Estamos en el camino de la muerte

Hace algunos años leí el libro de Michael Singer, La liberación del alma, y he recuperado algunas de sus ideas para compartir algunas reflexiones con vosotros.

En general, hablar de la muerte es algo tabú. En nuestra cultura occidental es incómodo y poco agradable hablar de la muerte, pero para la filosofía oriental es algo natural y, además, se considera a la muerte como una maestra. Para ellos, la vida y la muerte forman parte de lo mismo y nos conecta con la gran Fuente que nos une a todos.

¿La muerte, una maestra? Resulta algo paradójico ¿verdad? Pero para Singer nada ni nadie puede enseñarte más de lo que te enseña la muerte. Es ella quien te enseña que tú no eres tu cuerpo, quien te cuenta lo insignificantes que son las cosas materiales, quien te muestra que todos somos iguales a pesar de las riquezas, la raza o el país de origen. La muerte nos hace iguales en un solo instante.

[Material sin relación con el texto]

theorem lemma4p3:
  fixes T :: "'a::{t2_space, ab_group_add} \<Rightarrow> 'a"
  assumes "cantor_group TYPE('a)"
    and "is_translation T"
    and "minimal_map T"
  shows "\<exists>f :: 'a \<Rightarrow> real. continuous_on UNIV f \<and>
           (\<exists>G. hull_tgroup (orbit_seq f T 0) G) \<and>
           (\<forall>G. hull_tgroup (orbit_seq f T 0) G \<longrightarrow>
                (\<exists>\<phi> :: (int \<Rightarrow>\<^sub>C real) \<Rightarrow> 'a. tgroup_iso_to G \<phi>))"
proof -
  obtain w0 where "\<And>x. T x = x + w0"
    using assms(2) unfolding is_translation_def by blast
  with assms(1,3) show ?thesis
    unfolding cantor_group_def by (intro ex_continuous_function_hull_iso) auto
qed

end
text \<open>Projecting onto the top \<open>R\<close> singular directions keeps \<open>\<Sigma>\<^sub>i\<^sub><\<^sub>R \<sigma>\<^sub>i\<^sup>2\<close>, at least the
  fraction \<open>R / min M N\<close> of \<open>\<parallel>G\<parallel>\<^sub>F\<^sup>2\<close> because the singular values are sorted.\<close>

lemma layer_proj_svd_ge:
  assumes svd: "is_svd M N G U S V" and R: "0 < R" "R < min M N"
    and PU: "\<forall>a<M. \<forall>i<R. P a i = U a i" and QV: "\<forall>b<N. \<forall>i<R. Q b i = V b i"
  shows "real R / real (min M N) * (\<Sum>a<M. \<Sum>b<N. (G a b)\<^sup>2)
           \<le> (\<Sum>a<M. \<Sum>b<N. G a b * layer_proj M N R P Q G a b)"
proof -
  have kept: "(\<Sum>a<M. \<Sum>b<N. G a b * layer_proj M N R P Q G a b) = (\<Sum>i<R. (S i i)\<^sup>2)"
  proof (cases "M \<le> N")
    case True
    have "(\<Sum>a<M. \<Sum>b<N. G a b * layer_proj M N R P Q G a b) = (\<Sum>i<R. \<Sum>b<N. (S i i * V b i)\<^sup>2)"
      using True PU R by (simp add: layer_proj_def sum_mult_left_proj svd_left_coeff[OF svd])
    also have "\<dots> = (\<Sum>i<R. (S i i)\<^sup>2 * (\<Sum>b<N. V b i * V b i))"
      by (simp add: sum_distrib_left power2_eq_square algebra_simps)
    also have "\<dots> = (\<Sum>i<R. (S i i)\<^sup>2)"
      using svd_orthonormal_right[OF svd] R unfolding orthonormal_cols_def by (intro sum.cong refl) auto
    finally show ?thesis .
  next
    case False
    have "(\<Sum>a<M. \<Sum>b<N. G a b * layer_proj M N R P Q G a b) = (\<Sum>a<M. \<Sum>i<R. (U a i * S i i)\<^sup>2)"
      using False QV R by (simp add: layer_proj_def sum_mult_right_proj svd_right_coeff[OF svd])
    also have "\<dots> = (\<Sum>i<R. (S i i)\<^sup>2 * (\<Sum>a<M. U a i * U a i))"
      by (subst sum.swap) (simp add: sum_distrib_left power2_eq_square algebra_simps)
    also have "\<dots> = (\<Sum>i<R. (S i i)\<^sup>2)"
      using svd_orthonormal_left[OF svd] R unfolding orthonormal_cols_def by (intro sum.cong refl) auto
    finally show ?thesis .
  qed
  have "real R / real (min M N) * (\<Sum>i<min M N. (S i i)\<^sup>2) \<le> (\<Sum>i<R. (S i i)\<^sup>2)"
    using svd R unfolding is_svd_def by (intro sum_top_squares_ge_average) auto
  then show ?thesis using kept svd_frobenius_norm[OF svd] by simp
qed

lemma ip_lowrank_proj:
  "ip NL m n x (lowrank_proj NL m n r P Q g)
     = (\<Sum>l<NL. \<Sum>a<m l. \<Sum>b<n l. x l a b * layer_proj (m l) (n l) (r l) (P l) (Q l) (layer g l) a b)"
  unfolding ip_eq_nested_sum lowrank_proj_def by (simp add: idxs_def)

lemma l2norm_lowrank_proj_power2:
  assumes "orthonormal_projs NL m n r P Q"
  shows "(l2norm NL m n (lowrank_proj NL m n r P Q g))\<^sup>2 = ip NL m n g (lowrank_proj NL m n r P Q g)"
proof -
  let ?\<Pi> = "\<lambda>l. layer_proj (m l) (n l) (r l) (P l) (Q l) (layer g l)"
  have "(l2norm NL m n (lowrank_proj NL m n r P Q g))\<^sup>2 = (\<Sum>l<NL. \<Sum>a<m l. \<Sum>b<n l. (?\<Pi> l a b)\<^sup>2)"
    unfolding l2norm_power2 by (simp add: ip_eq_nested_sum lowrank_proj_def idxs_def power2_eq_square)
  also have "\<dots> = (\<Sum>l<NL. \<Sum>a<m l. \<Sum>b<n l. layer g l a b * ?\<Pi> l a b)"
    using assms by (simp add: orthonormal_projs_def sum_power2_layer_proj)
  also have "\<dots> = ip NL m n g (lowrank_proj NL m n r P Q g)"
    by (simp add: ip_lowrank_proj layer_def)
  finally show ?thesis .
qed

Comprender la maestría de la muerte significa conectar con la sabiduría. Una inspiración que te llegue, puede ser la última; puede ocurrir en cualquier momento, en cualquier lugar… y la mera posibilidad de contemplar esa posibilidad es aprender de la muerte.

La muerte ayuda a resolver o minimizar problemas, permite relativizar las miserias de nuestro día a día. Si cada vez que tuviéramos un problema fuésemos conscientes que una sola respiración lo puede cambiar todo, probablemente viviríamos al máximo la vida. Si mañana al despertarte supieras que solo te quedan inspiraciones para una semana ¿qué sentirías? Ya sé que cuesta imaginarlo –nuestra mente no tiene experiencia en ello y no sabe en qué carpeta del ordenador cerebral buscar– pero ¡inténtalo! ¿Cómo te sentirías sabiendo que todas las personas con las que conectarás mañana serán las últimas que verás? ¿Te relacionarías de forma distinta? ¿Te molestaría de ellas lo mismo que te ha molestado hasta ahora? ¿Te seguirías quejando de lo mismo que el resto de los días? Siente y reflexiona sobre cómo sería tu vida si mañana fuera tu último día. ¿Cambiarían tus prioridades, tu forma de pensar, tus gustos, tus sueños?

La muerte nos enseña que a menudo malgastamos el tiempo, lo tiramos sin más a la basura porque no vivimos desde la consciencia de la muerte. ¿Qué hacemos con nuestra vida?

Así que un interesante ejercicio es preguntarnos de forma regular cómo viviríamos cada última semana de vida, con la clara intención de mirar a la muerte a la cara. Y ello solo es posible si hacemos las paces con nosotros mismos, de forma que no nos preocupe aquello que ocurra mañana.

Vamos a morir. Lo sabemos. Lo que no sabemos es en qué momento. Recordarlo de vez en cuando nos hace disolver los problemas que generamos, incluso aquellos que parece que son de verdad… La muerte lo transforma todo en un pis pas.

No se trata de cambiar tu vida porque en realidad no creo que sea posible, pero lo que sí puedes es cambiar cómo la vives. No es aquello que haces, sino en lo bien que te sientes al hacer cosas y conseguir ser capaz de enfocar y vivir el presente sin temer lo que viene después. Solo así es posible mirar cara a cara a la muerte y disolver los miedos y las dudas. La vida lo es todo en sí misma y la relación y conexión con ella es lo que le da sentido.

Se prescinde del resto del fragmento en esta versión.